**What to work on:** Search the entries for the word "forall". Copy every line where it turns up.

**Supplied data:**
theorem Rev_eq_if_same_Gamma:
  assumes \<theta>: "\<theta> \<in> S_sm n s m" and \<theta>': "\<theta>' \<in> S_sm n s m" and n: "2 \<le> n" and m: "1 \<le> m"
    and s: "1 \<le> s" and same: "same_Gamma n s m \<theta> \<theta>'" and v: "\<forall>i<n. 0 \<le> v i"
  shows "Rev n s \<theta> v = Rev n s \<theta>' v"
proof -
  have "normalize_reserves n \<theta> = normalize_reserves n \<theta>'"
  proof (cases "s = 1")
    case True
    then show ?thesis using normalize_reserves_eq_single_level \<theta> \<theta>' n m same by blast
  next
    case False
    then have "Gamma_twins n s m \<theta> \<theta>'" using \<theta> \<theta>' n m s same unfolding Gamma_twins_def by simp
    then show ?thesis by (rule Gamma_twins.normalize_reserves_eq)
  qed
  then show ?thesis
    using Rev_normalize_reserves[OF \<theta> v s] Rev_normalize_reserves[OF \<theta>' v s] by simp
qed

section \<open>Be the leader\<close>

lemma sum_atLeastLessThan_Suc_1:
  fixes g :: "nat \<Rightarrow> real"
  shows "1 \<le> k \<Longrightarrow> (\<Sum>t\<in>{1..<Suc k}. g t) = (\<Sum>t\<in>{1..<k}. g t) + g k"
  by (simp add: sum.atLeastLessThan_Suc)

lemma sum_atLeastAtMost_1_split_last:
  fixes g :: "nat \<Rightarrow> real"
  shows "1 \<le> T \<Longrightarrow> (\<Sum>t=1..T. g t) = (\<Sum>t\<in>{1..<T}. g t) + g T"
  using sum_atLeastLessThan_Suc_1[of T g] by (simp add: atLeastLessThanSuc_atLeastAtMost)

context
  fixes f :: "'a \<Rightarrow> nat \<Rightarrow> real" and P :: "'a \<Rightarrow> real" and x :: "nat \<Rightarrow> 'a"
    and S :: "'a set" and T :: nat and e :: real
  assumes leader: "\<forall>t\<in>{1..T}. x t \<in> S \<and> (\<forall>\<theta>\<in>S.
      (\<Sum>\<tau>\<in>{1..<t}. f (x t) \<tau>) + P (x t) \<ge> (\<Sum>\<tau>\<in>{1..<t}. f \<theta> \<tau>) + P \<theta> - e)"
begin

**Reply to the exercise:**
    and s: "1 \<le> s" and same: "same_Gamma n s m \<theta> \<theta>'" and v: "\<forall>i<n. 0 \<le> v i"
  assumes leader: "\<forall>t\<in>{1..T}. x t \<in> S \<and> (\<forall>\<theta>\<in>S.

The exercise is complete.